Beş vakit farz namaz ve Vitir Namazı, zamanında kılınamamışsa, sonraki zaman içinde mutlaka kılınmaları icap eder. Bu şekilde kılınan namaza “Kaza Namazı” adı verilir.
Hocalar, Kaza Namazlarının nasıl kılınması gerektiğini anlatırken cemaate şöyle bir soru yöneltirler:
“Pazardan bir sepet elma aldınız. Yolda gelirken sepetin altı delindi ve elmalar tek tek olmak üzere yol boyunca dökülerek geldi. Elmaları toplamaya sepetten ilk düşen elmadan mı başlarsınız, yoksa son düşen elmadan mı? Sizce hangisi mantıklıdır?”

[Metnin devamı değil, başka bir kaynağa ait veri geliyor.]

lemma mem_conj_set_iff:
  assumes "g \<in> carrier G" "H \<subseteq> carrier G" "x \<in> carrier G"
  shows "x \<in> g <# H #> inv g \<longleftrightarrow> inv g \<otimes> x \<otimes> g \<in> H"
proof -
  have "x = g \<otimes> h \<otimes> inv g \<longleftrightarrow> inv g \<otimes> x \<otimes> g = h" if "h \<in> H" for h
    using assms that conjugation_is_surj[of g x] conjugation_is_surj[of "inv g" h] by auto
  then have "(\<exists>h\<in>H. x = g \<otimes> h \<otimes> inv g) \<longleftrightarrow> (\<exists>h\<in>H. inv g \<otimes> x \<otimes> g = h)"
    by (rule bex_cong[OF refl])
  then show ?thesis
    unfolding conj_set_eq_image image_iff by simp
qed

lemma card_conj_set:
  assumes "g \<in> carrier G" "H \<subseteq> carrier G"
  shows "card (g <# H #> inv g) = card H"
  unfolding conj_set_eq_image
  by (rule card_image) (use assms in \<open>auto intro!: inj_onI dest: conjugation_is_inj\<close>)

lemma nat_pow_conj:
  assumes "g \<in> carrier G" "x \<in> carrier G"
  shows "(g \<otimes> x \<otimes> inv g) [^] (n::nat) = g \<otimes> x [^] n \<otimes> inv g"
proof (induction n)
  case 0
  show ?case
    using assms by simp
next
  case (Suc n)
  have "(g \<otimes> x [^] n \<otimes> inv g) \<otimes> (g \<otimes> x \<otimes> inv g) = g \<otimes> (x [^] n \<otimes> x) \<otimes> inv g"
    using assms by (simp add: m_assoc flip: m_assoc[of "inv g" g])
  then show ?case
    using Suc by simp
qed

lemma ord_conj:
  assumes "g \<in> carrier G" "x \<in> carrier G"
  shows "ord (g \<otimes> x \<otimes> inv g) = ord x"
proof -
  have "(g \<otimes> x \<otimes> inv g) [^] n = \<one> \<longleftrightarrow> x [^] n = \<one>" for n :: nat
    using assms conjugation_is_inj[of g "x [^] n" \<one>] by (auto simp: nat_pow_conj)
  then show ?thesis
    using assms by (simp add: ord_unique pow_eq_id)
qed

lemma conj_p_elements:
  assumes "g \<in> carrier G" "x \<in> p_elements G p"
  shows "g \<otimes> x \<otimes> inv g \<in> p_elements G p"
  using assms ord_conj unfolding p_elements_def by auto

lemma Syl_nonempty:
  assumes "finite (carrier G)" "Factorial_Ring.prime p"
  shows "Syl G p \<noteq> {}"
proof -
  have "order G = p ^ multiplicity p (order G) * (order G div p ^ multiplicity p (order G))"
    by (simp add: multiplicity_dvd)
  then obtain P where "subgroup P G" "card P = p ^ multiplicity p (order G)"
    using sylow_thm assms is_group by metis
  then show ?thesis
    unfolding Syl_def by blast
qed

lemma Syl_subset_carrier: "P \<in> Syl G p \<Longrightarrow> P \<subseteq> carrier G"
  unfolding Syl_def by (auto dest: subgroup.subset)

lemma conj_set_in_Syl:
  assumes "g \<in> carrier G" "P \<in> Syl G p"
  shows "g <# P #> inv g \<in> Syl G p"
  using assms unfolding Syl_def
  by (auto simp: subgroup_conjugation_is_surj2 card_conj_set subgroup.subset)

lemma not_dvd_card_rcosets_Syl:
  assumes fin: "finite (carrier G)" and p: "Factorial_Ring.prime p" and P: "P \<in> Syl G p"
  shows "\<not> p dvd card (rcosets P)"
proof
  assume "p dvd card (rcosets P)"
  define a where "a = multiplicity p (order G)"
  have "subgroup P G" "card P = p ^ a"
    using P unfolding Syl_def a_def by auto
  then have "card (rcosets P) * p ^ a = order G"
    using lagrange by metis
  then have "p ^ Suc a dvd order G"
    using \<open>p dvd card (rcosets P)\<close> by (metis dvd_def mult_dvd_mono power_Suc dvd_refl)
  moreover have "order G \<noteq> 0"
    using fin by (simp add: order_gt_0_iff_finite)
  ultimately have "Suc a \<le> a"
    unfolding a_def using p by (intro multiplicity_geI) (auto simp: not_prime_unit)
  then show False
    by simp
qed

lemma p_subgroup_subset_conj_set_in_Syl:
  assumes fin: "finite (carrier G)" and p: "Factorial_Ring.prime p" and P: "P \<in> Syl G p"
    and K: "subgroup K G" "card K = p ^ k"
  shows "\<exists>g\<in>carrier G. K \<subseteq> g <# P #> inv g"
proof -
  have P_subgroup: "subgroup P G"
    using P unfolding Syl_def by blast
  interpret K_action: group_action "G\<lparr>carrier := K\<rparr>" "rcosets P" "\<lambda>g. \<lambda>C\<in>rcosets P. C #> inv g"
    using group_action.induced_action[OF action_on_rcosets[OF P_subgroup] K(1)] .
  have K_order: "order (G\<lparr>carrier := K\<rparr>) = p ^ k"
    using K(2) by (simp add: order_def)
  obtain C where C: "C \<in> rcosets P" and fixed: "\<forall>h\<in>K. C #> inv h = C"
    using K_action.p_group_action_has_fixed_point[OF p K_order not_dvd_card_rcosets_Syl[OF fin p P]]
    by auto
  obtain a where a: "a \<in> carrier G" "C = P #> a"
    using C unfolding RCOSETS_def by blast
  have "h \<in> inv a <# P #> inv (inv a)" if h: "h \<in> K" for h
  proof -
    have h_carrier: "h \<in> carrier G"
      using h K(1) subgroup.subset by blast
    have "P #> a #> h = P #> a"
      using fixed subgroup.m_inv_closed[OF K(1) h] a(2) h_carrier by force
    then have "P #> (a \<otimes> h) = P #> a"
      using a(1) h_carrier P_subgroup by (simp add: coset_mult_assoc subgroup.subset)
    then have "P #> (a \<otimes> h \<otimes> inv a) = P"
      using a(1) h_carrier P_subgroup by (simp add: coset_mult_inv2 subgroup.subset)
    then have "a \<otimes> h \<otimes> inv a \<in> P"
      using a(1) h_carrier P_subgroup by (simp add: coset_join1)
    then show ?thesis
      using mem_conj_set_iff[OF inv_closed[OF a(1)] subgroup.subset[OF P_subgroup] h_carrier] a(1)
      by simp
  qed
  then show ?thesis
    using a(1) by blast
qed

lemma Syl_conjugate:
  assumes fin: "finite (carrier G)" and p: "Factorial_Ring.prime p"
    and P: "P \<in> Syl G p" and R: "R \<in> Syl G p"
  shows "\<exists>g\<in>carrier G. R = g <# P #> inv g"
proof -
  have R_Sylow: "subgroup R G" "card R = p ^ multiplicity p (order G)"
    using R unfolding Syl_def by auto
  obtain g where g: "g \<in> carrier G" "R \<subseteq> g <# P #> inv g"
    using p_subgroup_subset_conj_set_in_Syl[OF fin p P R_Sylow] by blast
  have conj_P: "g <# P #> inv g \<in> Syl G p"
    using conj_set_in_Syl[OF g(1) P] .
  then have "finite (g <# P #> inv g)"
    using fin Syl_subset_carrier finite_subset by blast
  moreover have "card R = card (g <# P #> inv g)"
    using R conj_P unfolding Syl_def by simp
  ultimately show ?thesis
    using g card_subset_eq by metis
qed

lemma p_elements_subset_Union_Syl:
  assumes fin: "finite (carrier G)" and p: "Factorial_Ring.prime p"
  shows "p_elements G p \<subseteq> \<Union> (Syl G p)"
proof
  fix x
  assume "x \<in> p_elements G p"
  then obtain n where x: "x \<in> carrier G" "ord x = p ^ n"
    unfolding p_elements_def by blast
  obtain P where P: "P \<in> Syl G p"
    using Syl_nonempty[OF fin p] by blast
  have "subgroup (generate G {x}) G" "card (generate G {x}) = p ^ n"
    using x generate_is_subgroup generate_pow_card by auto
  then obtain g where g: "g \<in> carrier G" "generate G {x} \<subseteq> g <# P #> inv g"
    using p_subgroup_subset_conj_set_in_Syl[OF fin p P] by blast
  have "x \<in> generate G {x}"
    by (simp add: generate.incl)
  then show "x \<in> \<Union> (Syl G p)"
    using g conj_set_in_Syl[OF g(1) P] by blast
qed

Sonra da kendi sordukları sorunun cevabını yine kendileri verirler:
“Mantıklı olanı, toplama işine en son düşen elmadan, yani size en yakın olan elmadan başlamaktır. Kaza namazları da öyledir. Kılmaya en son kazaya kalan namazdan başlamak gerekir.”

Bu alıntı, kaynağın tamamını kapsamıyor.